----- Supplied data -----
text \<open>The maximum u of U, once next to x, exceeds every letter up to r, so r can be brought
  behind u and then swapped past it.\<close>
lemma equiv_words_lower_head:
  assumes above: "\<And>x C C'. length C < length (y # U @ r # R) \<Longrightarrow> distinct C \<Longrightarrow>
      \<forall>c\<in>set C. x < c \<Longrightarrow> mset C' = mset C \<Longrightarrow> x # C \<approx> x # C'"
    and dist: "distinct (y # U @ r # R)" and gt: "\<forall>b\<in>set (y # U @ r # R). x < b"
    and U: "\<forall>u\<in>set U. y < u" and "r < y"
  shows "\<exists>B. mset B = mset (y # U @ r # R) \<and> hd B < y \<and> x # y # U @ r # R \<approx> x # B"
proof (cases "U = []")
  case True
  then show ?thesis
    using swap_after_smaller[of x y r R] assms by (intro exI[of _ "r # y # R"]) auto
next
  case False
  define u where "u = Max (set U)"
  define W where "W = remove1 u U"
  have "u \<in> set U" using False unfolding u_def by simp
  then have mset_U: "mset U = mset (u # W)" unfolding W_def by simp
  have "distinct U" using dist by simp
  then have "set W = set U - {u}" unfolding W_def by simp
  then have W: "\<forall>w\<in>set W. w < u" using Max_ge[of "set U"] by (auto simp: u_def less_le)
  have "y < u" "x < u" using \<open>u \<in> set U\<close> U gt by auto
  note below = rearrange_after_larger_if_after_smaller[OF above]
  have "y # U \<approx> y # u # W" using mset_U dist U by (intro above) auto
  from equiv_words_context[OF this, of "[x]" "r # R"]
  have "x # y # U @ r # R \<approx> x # y # u # W @ r # R" by simp
  also have "x # y # u # W @ r # R \<approx> x # u # y # W @ r # R"
    using \<open>y < u\<close> \<open>x < u\<close> gt by (simp add: swap_after_smaller)
  also have "x # u # y # W @ r # R \<approx> x # u # r # y # W @ R"
  proof -
    have "u # y # W @ [r] \<approx> u # r # y # W"
      using mset_U dist W \<open>y < u\<close> \<open>r < y\<close> \<open>u \<in> set U\<close> \<open>U \<noteq> []\<close>
      by (intro below) (auto simp: W_def length_remove1 length_pos_if_in_set)
    from equiv_words_context[OF this, of "[x]" R] show ?thesis by simp
  qed
  also have "x # u # r # y # W @ R \<approx> x # r # u # y # W @ R"
    using \<open>r < y\<close> \<open>y < u\<close> \<open>x < u\<close> gt by (simp add: swap_after_smaller)
  finally show ?thesis
    using mset_U \<open>r < y\<close> by (intro exI[of _ "r # u # y # W @ R"]) auto
qed

lemma sort_after_smaller:
  assumes above: "\<And>x C C'. length C < m \<Longrightarrow> distinct C \<Longrightarrow> \<forall>c\<in>set C. x < c \<Longrightarrow>
      mset C' = mset C \<Longrightarrow> x # C \<approx> x # C'"
    and "length B = m" "distinct B" "\<forall>b\<in>set B. x < b"
  shows "x # B \<approx> x # sort B"
  using assms(2-4)
proof (induction "hd B" arbitrary: B rule: less_induct)
  case less
  show ?case
  proof (cases B)
    case (Cons y s)
    show ?thesis
    proof (cases "\<forall>z\<in>set s. y < z")
      case True
      have "y # s \<approx> y # sort s" using less.prems Cons True by (intro above) auto
      moreover have "sort B = y # sort s" using Cons True by (simp add: insort_is_Cons less_imp_le)
      ultimately show ?thesis using equiv_words_context[of _ _ "[x]" "[]"] Cons by simp
    next
      case False
      then have "\<exists>z\<in>set s. z < y" using less.prems(2) Cons by (auto simp: not_less le_less)
      then obtain U r R where s: "s = U @ r # R" "r < y" "\<forall>u\<in>set U. \<not> u < y"
        using split_list_first_prop[of s "\<lambda>z. z < y"] by blast
      have B: "B = y # U @ r # R" using Cons s by simp
      have "\<forall>u\<in>set U. y < u" using less.prems(2) s B by (auto simp: not_less le_less)
      moreover have len: "length (y # U @ r # R) = m" using less.prems(1) B by simp
      ultimately have "\<exists>B2. mset B2 = mset B \<and> hd B2 < y \<and> x # B \<approx> x # B2"
        unfolding B using less.prems(2,3) \<open>r < y\<close>
        by (intro equiv_words_lower_head[OF above[folded len]]) (auto simp: B)
      then obtain B2 where B2: "mset B2 = mset B" "hd B2 < y" "x # B \<approx> x # B2" by blast
      have "length B2 = m" "distinct B2" "\<forall>c\<in>set B2. x < c"
        using less.prems mset_eq_length[OF B2(1)] mset_eq_imp_distinct_iff[OF B2(1)]
          mset_eq_setD[OF B2(1)] by auto
      then have "x # B2 \<approx> x # sort B2" using less.hyps[of B2] B2(2) B by simp
      moreover have "sort B2 = sort B" using B2(1) by (metis sorted_list_of_multiset_mset)
      ultimately show ?thesis using B2(3) by (metis rtrancl_trans)
    qed
  qed simp
qed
-----
-- Problem details --
From the entries above, extract each line containing "where".

-- Written answer --
  define u where "u = Max (set U)"
  define W where "W = remove1 u U"
      then obtain U r R where s: "s = U @ r # R" "r < y" "\<forall>u\<in>set U. \<not> u < y"
      then obtain B2 where B2: "mset B2 = mset B" "hd B2 < y" "x # B \<approx> x # B2" by blast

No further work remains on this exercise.